▶ [The task]: Return the records below character for character.
======== Task inputs ========
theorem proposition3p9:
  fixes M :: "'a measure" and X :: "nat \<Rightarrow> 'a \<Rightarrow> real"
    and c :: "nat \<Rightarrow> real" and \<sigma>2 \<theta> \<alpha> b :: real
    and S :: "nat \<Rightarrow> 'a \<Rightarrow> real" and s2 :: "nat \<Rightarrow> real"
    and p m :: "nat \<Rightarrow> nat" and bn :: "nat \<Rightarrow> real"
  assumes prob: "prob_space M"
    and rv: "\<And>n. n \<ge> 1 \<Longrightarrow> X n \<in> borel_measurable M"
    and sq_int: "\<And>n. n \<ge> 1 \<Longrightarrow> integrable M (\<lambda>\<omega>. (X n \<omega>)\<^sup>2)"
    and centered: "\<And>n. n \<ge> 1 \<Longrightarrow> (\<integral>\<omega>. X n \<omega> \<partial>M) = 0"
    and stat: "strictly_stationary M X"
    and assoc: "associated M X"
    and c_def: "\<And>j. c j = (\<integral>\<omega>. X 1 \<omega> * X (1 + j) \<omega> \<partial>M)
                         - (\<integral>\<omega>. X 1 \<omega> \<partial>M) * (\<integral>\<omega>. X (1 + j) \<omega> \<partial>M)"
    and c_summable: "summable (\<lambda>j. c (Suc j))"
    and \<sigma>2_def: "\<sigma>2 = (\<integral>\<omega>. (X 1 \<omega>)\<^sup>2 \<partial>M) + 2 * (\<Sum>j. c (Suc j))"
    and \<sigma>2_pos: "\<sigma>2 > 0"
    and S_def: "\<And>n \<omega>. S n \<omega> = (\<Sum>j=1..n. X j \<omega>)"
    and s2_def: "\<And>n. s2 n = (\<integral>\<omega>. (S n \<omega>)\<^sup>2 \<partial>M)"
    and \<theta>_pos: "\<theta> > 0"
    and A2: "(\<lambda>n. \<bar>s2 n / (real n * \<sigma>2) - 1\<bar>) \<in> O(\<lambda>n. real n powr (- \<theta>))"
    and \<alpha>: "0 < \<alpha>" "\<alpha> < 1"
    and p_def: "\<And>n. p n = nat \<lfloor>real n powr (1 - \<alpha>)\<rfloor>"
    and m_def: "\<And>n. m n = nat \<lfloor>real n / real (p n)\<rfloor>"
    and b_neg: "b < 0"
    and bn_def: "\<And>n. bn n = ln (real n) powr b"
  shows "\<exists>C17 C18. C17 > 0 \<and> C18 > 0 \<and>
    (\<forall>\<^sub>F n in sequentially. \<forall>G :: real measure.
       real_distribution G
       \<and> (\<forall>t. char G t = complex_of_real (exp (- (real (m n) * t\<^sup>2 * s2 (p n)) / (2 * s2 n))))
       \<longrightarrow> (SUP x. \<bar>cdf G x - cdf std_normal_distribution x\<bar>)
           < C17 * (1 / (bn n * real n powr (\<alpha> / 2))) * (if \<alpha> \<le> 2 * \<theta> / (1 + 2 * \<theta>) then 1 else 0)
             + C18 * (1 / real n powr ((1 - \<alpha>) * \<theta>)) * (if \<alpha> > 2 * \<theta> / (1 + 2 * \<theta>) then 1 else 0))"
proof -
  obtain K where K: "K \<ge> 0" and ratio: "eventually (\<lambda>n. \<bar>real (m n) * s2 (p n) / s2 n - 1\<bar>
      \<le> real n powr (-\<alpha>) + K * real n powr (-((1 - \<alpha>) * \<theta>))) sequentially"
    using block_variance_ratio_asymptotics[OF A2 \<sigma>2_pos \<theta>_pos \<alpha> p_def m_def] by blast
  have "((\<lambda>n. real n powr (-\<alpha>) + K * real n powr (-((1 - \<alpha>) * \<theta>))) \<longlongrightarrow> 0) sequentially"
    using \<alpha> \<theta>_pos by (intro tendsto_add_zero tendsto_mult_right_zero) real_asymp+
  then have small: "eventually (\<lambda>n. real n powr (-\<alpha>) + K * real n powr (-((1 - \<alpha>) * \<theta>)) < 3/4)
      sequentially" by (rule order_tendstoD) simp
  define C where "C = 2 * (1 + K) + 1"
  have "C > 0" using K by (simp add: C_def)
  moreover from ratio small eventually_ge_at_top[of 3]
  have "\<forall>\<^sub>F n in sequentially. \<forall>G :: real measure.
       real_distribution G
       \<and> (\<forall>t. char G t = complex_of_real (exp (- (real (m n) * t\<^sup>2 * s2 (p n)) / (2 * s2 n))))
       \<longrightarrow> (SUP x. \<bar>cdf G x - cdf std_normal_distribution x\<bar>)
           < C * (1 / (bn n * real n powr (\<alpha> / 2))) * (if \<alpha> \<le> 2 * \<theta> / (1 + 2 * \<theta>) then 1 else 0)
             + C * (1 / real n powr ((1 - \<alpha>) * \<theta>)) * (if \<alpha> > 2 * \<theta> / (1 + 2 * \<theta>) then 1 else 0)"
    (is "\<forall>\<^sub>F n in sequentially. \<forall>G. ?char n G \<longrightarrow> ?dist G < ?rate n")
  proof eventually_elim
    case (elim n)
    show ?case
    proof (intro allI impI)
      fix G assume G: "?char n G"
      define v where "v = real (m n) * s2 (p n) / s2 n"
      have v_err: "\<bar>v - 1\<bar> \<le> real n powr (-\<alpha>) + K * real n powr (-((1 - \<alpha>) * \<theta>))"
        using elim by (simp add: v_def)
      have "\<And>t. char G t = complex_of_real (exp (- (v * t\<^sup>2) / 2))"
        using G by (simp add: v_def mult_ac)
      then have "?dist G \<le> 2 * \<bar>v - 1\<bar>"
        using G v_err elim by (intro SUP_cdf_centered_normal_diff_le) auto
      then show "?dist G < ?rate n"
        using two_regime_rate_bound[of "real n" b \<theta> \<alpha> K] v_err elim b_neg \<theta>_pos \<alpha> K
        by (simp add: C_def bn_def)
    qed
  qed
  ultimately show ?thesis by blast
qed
========
▶ [Output of the task]:
theorem proposition3p9:
  fixes M :: "'a measure" and X :: "nat \<Rightarrow> 'a \<Rightarrow> real"
    and c :: "nat \<Rightarrow> real" and \<sigma>2 \<theta> \<alpha> b :: real
    and S :: "nat \<Rightarrow> 'a \<Rightarrow> real" and s2 :: "nat \<Rightarrow> real"
    and p m :: "nat \<Rightarrow> nat" and bn :: "nat \<Rightarrow> real"
  assumes prob: "prob_space M"
    and rv: "\<And>n. n \<ge> 1 \<Longrightarrow> X n \<in> borel_measurable M"
    and sq_int: "\<And>n. n \<ge> 1 \<Longrightarrow> integrable M (\<lambda>\<omega>. (X n \<omega>)\<^sup>2)"
    and centered: "\<And>n. n \<ge> 1 \<Longrightarrow> (\<integral>\<omega>. X n \<omega> \<partial>M) = 0"
    and stat: "strictly_stationary M X"
    and assoc: "associated M X"
    and c_def: "\<And>j. c j = (\<integral>\<omega>. X 1 \<omega> * X (1 + j) \<omega> \<partial>M)
                         - (\<integral>\<omega>. X 1 \<omega> \<partial>M) * (\<integral>\<omega>. X (1 + j) \<omega> \<partial>M)"
    and c_summable: "summable (\<lambda>j. c (Suc j))"
    and \<sigma>2_def: "\<sigma>2 = (\<integral>\<omega>. (X 1 \<omega>)\<^sup>2 \<partial>M) + 2 * (\<Sum>j. c (Suc j))"
    and \<sigma>2_pos: "\<sigma>2 > 0"
    and S_def: "\<And>n \<omega>. S n \<omega> = (\<Sum>j=1..n. X j \<omega>)"
    and s2_def: "\<And>n. s2 n = (\<integral>\<omega>. (S n \<omega>)\<^sup>2 \<partial>M)"
    and \<theta>_pos: "\<theta> > 0"
    and A2: "(\<lambda>n. \<bar>s2 n / (real n * \<sigma>2) - 1\<bar>) \<in> O(\<lambda>n. real n powr (- \<theta>))"
    and \<alpha>: "0 < \<alpha>" "\<alpha> < 1"
    and p_def: "\<And>n. p n = nat \<lfloor>real n powr (1 - \<alpha>)\<rfloor>"
    and m_def: "\<And>n. m n = nat \<lfloor>real n / real (p n)\<rfloor>"
    and b_neg: "b < 0"
    and bn_def: "\<And>n. bn n = ln (real n) powr b"
  shows "\<exists>C17 C18. C17 > 0 \<and> C18 > 0 \<and>
    (\<forall>\<^sub>F n in sequentially. \<forall>G :: real measure.
       real_distribution G
       \<and> (\<forall>t. char G t = complex_of_real (exp (- (real (m n) * t\<^sup>2 * s2 (p n)) / (2 * s2 n))))
       \<longrightarrow> (SUP x. \<bar>cdf G x - cdf std_normal_distribution x\<bar>)
           < C17 * (1 / (bn n * real n powr (\<alpha> / 2))) * (if \<alpha> \<le> 2 * \<theta> / (1 + 2 * \<theta>) then 1 else 0)
             + C18 * (1 / real n powr ((1 - \<alpha>) * \<theta>)) * (if \<alpha> > 2 * \<theta> / (1 + 2 * \<theta>) then 1 else 0))"
proof -
  obtain K where K: "K \<ge> 0" and ratio: "eventually (\<lambda>n. \<bar>real (m n) * s2 (p n) / s2 n - 1\<bar>
      \<le> real n powr (-\<alpha>) + K * real n powr (-((1 - \<alpha>) * \<theta>))) sequentially"
    using block_variance_ratio_asymptotics[OF A2 \<sigma>2_pos \<theta>_pos \<alpha> p_def m_def] by blast
  have "((\<lambda>n. real n powr (-\<alpha>) + K * real n powr (-((1 - \<alpha>) * \<theta>))) \<longlongrightarrow> 0) sequentially"
    using \<alpha> \<theta>_pos by (intro tendsto_add_zero tendsto_mult_right_zero) real_asymp+
  then have small: "eventually (\<lambda>n. real n powr (-\<alpha>) + K * real n powr (-((1 - \<alpha>) * \<theta>)) < 3/4)
      sequentially" by (rule order_tendstoD) simp
  define C where "C = 2 * (1 + K) + 1"
  have "C > 0" using K by (simp add: C_def)
  moreover from ratio small eventually_ge_at_top[of 3]
  have "\<forall>\<^sub>F n in sequentially. \<forall>G :: real measure.
       real_distribution G
       \<and> (\<forall>t. char G t = complex_of_real (exp (- (real (m n) * t\<^sup>2 * s2 (p n)) / (2 * s2 n))))
       \<longrightarrow> (SUP x. \<bar>cdf G x - cdf std_normal_distribution x\<bar>)
           < C * (1 / (bn n * real n powr (\<alpha> / 2))) * (if \<alpha> \<le> 2 * \<theta> / (1 + 2 * \<theta>) then 1 else 0)
             + C * (1 / real n powr ((1 - \<alpha>) * \<theta>)) * (if \<alpha> > 2 * \<theta> / (1 + 2 * \<theta>) then 1 else 0)"
    (is "\<forall>\<^sub>F n in sequentially. \<forall>G. ?char n G \<longrightarrow> ?dist G < ?rate n")
  proof eventually_elim
    case (elim n)
    show ?case
    proof (intro allI impI)
      fix G assume G: "?char n G"
      define v where "v = real (m n) * s2 (p n) / s2 n"
      have v_err: "\<bar>v - 1\<bar> \<le> real n powr (-\<alpha>) + K * real n powr (-((1 - \<alpha>) * \<theta>))"
        using elim by (simp add: v_def)
      have "\<And>t. char G t = complex_of_real (exp (- (v * t\<^sup>2) / 2))"
        using G by (simp add: v_def mult_ac)
      then have "?dist G \<le> 2 * \<bar>v - 1\<bar>"
        using G v_err elim by (intro SUP_cdf_centered_normal_diff_le) auto
      then show "?dist G < ?rate n"
        using two_regime_rate_bound[of "real n" b \<theta> \<alpha> K] v_err elim b_neg \<theta>_pos \<alpha> K
        by (simp add: C_def bn_def)
    qed
  qed
  ultimately show ?thesis by blast
qed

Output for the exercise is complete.